By running a web service, I should be able to access the council’s website out of hours. It’s a great idea, because it means that even when the staff aren’t in the office, I can still pay my council tax, or order some green garden bags.
Except that I can’t. For some reason I always end up attempting this task at the end of a weekend. By which time their web services usually look like the screen grab shown above.
Here’s what’s supposed to happen. You’re running some web apps. You monitor the servers that those apps are hosted on. You monitor their vital signs, (are the hard drives ok, has one of the power supplies gone a bit iffy, is it too hot in the server room), then you monitor the services running on that server. Finally you run some sanity checks on the actual web front end every so often. Can you still access the server, is the SQL database still accepting connections, etc etc. If any one of these things fails, someone in your team should be on call, and receive a text message. Then they proxy in, and fix it (or at least reboot something!).
To do this, you use a wonderful system called Nagios. It’s free and open-source, but a bit of a pain to set up, but it’s also highly configurable.
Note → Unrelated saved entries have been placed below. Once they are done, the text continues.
text \<open>Ground set X = {1..n}. A dissimilarity map on X.\<close>
definition dissimilarity :: "nat \<Rightarrow> (nat \<Rightarrow> nat \<Rightarrow> real) \<Rightarrow> bool" where
  "dissimilarity n \<delta> \<longleftrightarrow>
     (\<forall>x\<in>{1..n}. \<forall>y\<in>{1..n}. \<delta> x y = \<delta> y x \<and> \<delta> x y \<ge> 0) \<and>
     (\<forall>x\<in>{1..n}. \<delta> x x = 0)"

text \<open>A circular ordering (x_1,...,x_n) of X is given by a bijection \<pi> of {1..n},
  with x_i = \<pi> i.\<close>
definition circular_ordering :: "nat \<Rightarrow> (nat \<Rightarrow> nat) \<Rightarrow> bool" where
  "circular_ordering n \<pi> \<longleftrightarrow> bij_betw \<pi> {1..n} {1..n}"

definition kalmanson :: "nat \<Rightarrow> (nat \<Rightarrow> nat \<Rightarrow> real) \<Rightarrow> (nat \<Rightarrow> nat) \<Rightarrow> bool" where
  "kalmanson n \<delta> \<pi> \<longleftrightarrow>
     (\<forall>i j k l. 1 \<le> i \<and> i < j \<and> j < k \<and> k < l \<and> l \<le> n \<longrightarrow>
        \<delta> (\<pi> i) (\<pi> j) + \<delta> (\<pi> k) (\<pi> l) \<le> \<delta> (\<pi> i) (\<pi> k) + \<delta> (\<pi> j) (\<pi> l) \<and>
        \<delta> (\<pi> i) (\<pi> l) + \<delta> (\<pi> j) (\<pi> k) \<le> \<delta> (\<pi> i) (\<pi> k) + \<delta> (\<pi> j) (\<pi> l))"

text \<open>Partition of X into m consecutive nonempty intervals of \<pi>, given by breakpoints
  0 = a 0 < a 1 < ... < a m = n; block r is C_r = {x_t | a (r-1) < t \<le> a r}.\<close>
definition interval_partition :: "nat \<Rightarrow> nat \<Rightarrow> (nat \<Rightarrow> nat) \<Rightarrow> bool" where
  "interval_partition n m a \<longleftrightarrow> 1 \<le> m \<and> a 0 = 0 \<and> a m = n \<and> (\<forall>r<m. a r < a (Suc r))"

definition block :: "(nat \<Rightarrow> nat) \<Rightarrow> (nat \<Rightarrow> nat) \<Rightarrow> nat \<Rightarrow> nat set" where
  "block \<pi> a r = \<pi> ` {a (r - 1)<..a r}"

definition block_weighting :: "nat \<Rightarrow> nat \<Rightarrow> (nat \<Rightarrow> nat) \<Rightarrow> (nat \<Rightarrow> nat) \<Rightarrow> (nat \<Rightarrow> real) \<Rightarrow> bool" where
  "block_weighting n m \<pi> a \<mu> \<longleftrightarrow>
     (\<forall>x\<in>{1..n}. \<mu> x \<ge> 0) \<and> (\<forall>r\<in>{1..m}. (\<Sum>x\<in>block \<pi> a r. \<mu> x) = 1)"

definition block_dist ::
  "(nat \<Rightarrow> nat \<Rightarrow> real) \<Rightarrow> (nat \<Rightarrow> real) \<Rightarrow> (nat \<Rightarrow> nat) \<Rightarrow> (nat \<Rightarrow> nat) \<Rightarrow> nat \<Rightarrow> nat \<Rightarrow> real" where
  "block_dist \<delta> \<mu> \<pi> a r s = (\<Sum>x\<in>block \<pi> a r. \<Sum>y\<in>block \<pi> a s. \<mu> x * \<mu> y * \<delta> x y)"

definition Qd ::
  "(nat \<Rightarrow> nat \<Rightarrow> real) \<Rightarrow> (nat \<Rightarrow> real) \<Rightarrow> (nat \<Rightarrow> nat) \<Rightarrow> (nat \<Rightarrow> nat) \<Rightarrow> nat \<Rightarrow> nat \<Rightarrow> nat \<Rightarrow> real" where
  "Qd \<delta> \<mu> \<pi> a m r s =
     (real m - 2) * block_dist \<delta> \<mu> \<pi> a r s
     - (\<Sum>t\<in>{1..m} - {r}. block_dist \<delta> \<mu> \<pi> a r t)
     - (\<Sum>t\<in>{1..m} - {s}. block_dist \<delta> \<mu> \<pi> a s t)"

definition cyc_succ :: "nat \<Rightarrow> nat \<Rightarrow> nat" where
  "cyc_succ m k = (if k = m then 1 else k + 1)"

end

theory Submission
  imports Defs
begin

(* Averaging \<delta> over the blocks with the weights \<mu> turns its Kalmanson inequalities into
   Kalmanson inequalities for the m \<times> m block matrix D, and Qd becomes
   Q(x, y) = (m - 2) D x y - R x - R y with row sums R.  The Kalmanson conditions are invariant
   under rotating the circular order, so we may assume that the chord (i, j) spans an arc of
   length L = j - i \<le> m / 2.  Then the sum of Q(i, j) - Q(k, k + 1) over k = i, ..., j - 1 is
   nonnegative: the contribution of the points outside [i, j] is bounded using the Kalmanson
   inequalities, and what remains is 2 (W - (L - 1) S) + (m - 2 L) (A + B - S - (L - 2) D i j),
   where S is the length of the path i, i + 1, ..., j, A + B the total distance of the interior
   points to i and j, and W their total distance to all of [i, j].  Both brackets are
   nonnegative by the Kalmanson inequalities inside [i, j], so some summand is nonnegative. *)

definition row_sum :: "nat \<Rightarrow> (nat \<Rightarrow> nat \<Rightarrow> real) \<Rightarrow> nat \<Rightarrow> real" where
  "row_sum m D x = (\<Sum>t\<in>{1..m}. D x t)"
You can get it to only fire messages to your on-call person when two minor faults have occurred. You can set it to wait a specific number of minutes to see if a fault resolves itself. You can even start firing text messages and emails to the on-call person’s boss if it’s still broken after a couple of hours!
If you work for Lewisham council, you should ask your IT people about this. It’s not that hard, and if it’s done well, it means that you’ll know about a fault before any of your users do.
Please, for the sake of my untidy garden.